Posted by: lori | April 28, 2008 at 03:17 PM
I subscribe to the "self-interest" approach because it's the most compelling to those who would otherwise oppose environmental action. What's becoming more and more clear with each passing day is that the scale of our environmental challenges has yet to be fully understood, and the solutions to the challenges are far too few. In order to overcome the challenges we will need to *discover* new ways, new materials, new processes...to the extent that we make anything extinct we are limiting our ability to discover.
Kent
www.ecounit.com
Posted by: Kent Ragen | April 28, 2008 at 03:49 PM
the rosy periwinkle is, or was, native to madagascar. it turned out to be a very useful chemotherapeutic agent. luckily we found that use for it and learned to synthesize it before it became extinct. many thousands of people are alive because it was used and synthesized.
while i believe that life has a right to live, many do not. if those will respect an environment because it's utility is unknown, then that is a step in the right direction. perhaps it will buy some time to spread the periwinkle story to those who care for themselves before all else.
Posted by: emmer | April 28, 2008 at 06:32 PM
All good stuff to think about on your drive home from work. Who needs diversity when you can encase your body in a stinky hunk of metal and and cruise down the interstate dead zone. Humans come up with such great ideas!
Posted by: Leslie | April 28, 2008 at 07:25 PM
Here's a question: if you had to name one characteristic of the mindset/worldview/culture that drove us to this point, what would that characteristic be?
I ask this because my answer is "self-interest" and it seems strange to read about people who expect a different outcome from the same cultural engine.
I understand that self-interest is a powerful motivator, but self interest is different for every single person depending on their values.

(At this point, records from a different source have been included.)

lemma abs_coeff_le_schauder_level_max:
  fixes i p :: int and q j m n :: nat
  assumes "valid_index i j" "int q \<le> p" "i \<le> p"
  defines "F \<equiv> \<lambda>t. integral {0..t} (\<lambda>s. schauder p m s * haar q n s)"
  shows "\<bar>coeff F i j\<bar> \<le> 2 powr (real q - real_of_int p)"
proof -
  have "0 \<le> p"
    using assms(2) by linarith
  consider "m = 0" "p = 0" | "m = 0" "0 < p" | "1 \<le> m"
    using \<open>0 \<le> p\<close> by linarith
  then show ?thesis
  proof cases
    case 1
    then have "q = 0" "nat i = 0"
      using assms(2,3) by auto
    then show ?thesis
      using abs_coeff_primitive_le_bounded[OF schauder_haar_integrable assms(1)
          abs_schauder_haar_le_on_unit_interval, of p m q n, folded F_def] 1
      by simp
  next
    case 2
    then have "schauder p m = (\<lambda>_. 0)"
      by (simp add: schauder_index_0 fun_eq_iff)
    then show ?thesis
      unfolding F_def coeff_def by simp
  next
    case 3
    define P where "P = nat p"
    have "\<bar>schauder p m s * haar q n s\<bar> \<le> 1 / 2 * 2 ^ q" for s
      unfolding abs_mult using abs_schauder_le_half[OF \<open>0 \<le> p\<close> 3] abs_haar_le[of q n s]
      by (intro mult_mono) simp_all
    moreover have "schauder p m s * haar q n s = 0" if "s < t0 P m \<or> t2 P m < s" for s
      using schauder_eq_0_outside[OF \<open>0 \<le> p\<close> 3, of s] that unfolding P_def by auto
    ultimately have "\<bar>coeff F i j\<bar> \<le> 2 * (1 / 2 * 2 ^ q) * (t2 P m - t0 P m)"
      unfolding F_def
      by (intro abs_coeff_primitive_le_vanishing_outside schauder_haar_integrable less_imp_le[OF t0_less_t2])
    also have "\<dots> = 2 powr (real q - real_of_int p)"
      unfolding t2_minus_t0 P_def two_power_nat_eq_powr[OF \<open>0 \<le> p\<close>]
      by (simp add: powr_diff powr_realpow)
    finally show ?thesis .
  qed
qed

lemma abs_coeff_le_1_equal_levels:
  fixes i p :: int and q j m n :: nat
  assumes "valid_index i j" "int q = i"
  defines "F \<equiv> \<lambda>t. integral {0..t} (\<lambda>s. schauder p m s * haar q n s)"
  shows "\<bar>coeff F i j\<bar> \<le> 1"
proof -
  have "nat i = q"
    using assms(2) by simp
  then show ?thesis
    using abs_coeff_primitive_le_bounded[OF schauder_haar_integrable assms(1)
        abs_schauder_haar_le_on_unit_interval, of p m q n, folded F_def]
    by simp
qed

theorem mainTheorem4:
  fixes i p :: int and q j m n :: nat and F :: "real \<Rightarrow> real"
  assumes "valid_index i j" and "valid_index p m" and "n \<le> 2 ^ q"
  defines "F \<equiv> (\<lambda>t. integral {0..t} (\<lambda>s. schauder p m s * haar q n s))"
  shows "if p < int q \<and> int q = i
         then \<bar>coeff F i j\<bar> \<le> 1
         else \<bar>coeff F i j\<bar> \<le> 2 powr (real_of_int (- 2 * max i (max p (int q)) + p + int q))"
proof (cases "p < int q \<and> int q = i")
  case True
  then show ?thesis
    using abs_coeff_le_1_equal_levels[OF assms(1)] unfolding F_def by simp
next
  case False
  then consider "p < int q" "i < int q" | "int q < i" "p < i" | "int q \<le> p" "i \<le> p"
    by linarith
  then have "\<bar>coeff F i j\<bar> \<le> 2 powr (real_of_int (- 2 * max i (max p (int q)) + p + int q))"
  proof cases
    case 1
    then have "real_of_int (- 2 * max i (max p (int q)) + p + int q) = real_of_int p - real q"
      by simp
    then show ?thesis
      using abs_coeff_le_haar_level_max[OF 1, of m n j, folded F_def] by (simp only:)
  next
    case 2
    then have "real_of_int (- 2 * max i (max p (int q)) + p + int q) = real_of_int p + real q - 2 * real_of_int i"
      by simp
    then show ?thesis
      using abs_coeff_le_coeff_level_max[OF 2, of m n j, folded F_def] by (simp only:)
  next
    case 3
    then have "real_of_int (- 2 * max i (max p (int q)) + p + int q) = real q - real_of_int p"
      by simp
    then show ?thesis
      using abs_coeff_le_schauder_level_max[OF assms(1) 3, of m n, folded F_def] by (simp only:)
  qed
  then show ?thesis
    unfolding if_not_P[OF False] .
qed

end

Somebody above called me anti-human and I disagree - I think humans have a place on this earth as long as we can follow the rules. It's not our planet, we can't just ruin it without consequence.
Posted by: Mike | April 28, 2008 at 09:03 PM
Mike,
Maybe ignorance, in addition to self-interest.
Posted by: Leslie | April 29, 2008 at 10:43 AM
I think it would be more fruitful to denounce the environmental damage caused by factory farming from where most meat comes from. It is time for environmentalists to take onboard the vegetarian message. Why the resistance? Of all things we can do for the environment, not eating meat is the easiest - surely a lot easier than not transporting yourself to work.
We also must get rid of this 'self-interest' approach. Although compelling, it perpetuates the very philosophy that is ruining the planet - that everything belongs to us. If we stick to it, the 'fight' against climate change will be a futile, self-delusional enterprise.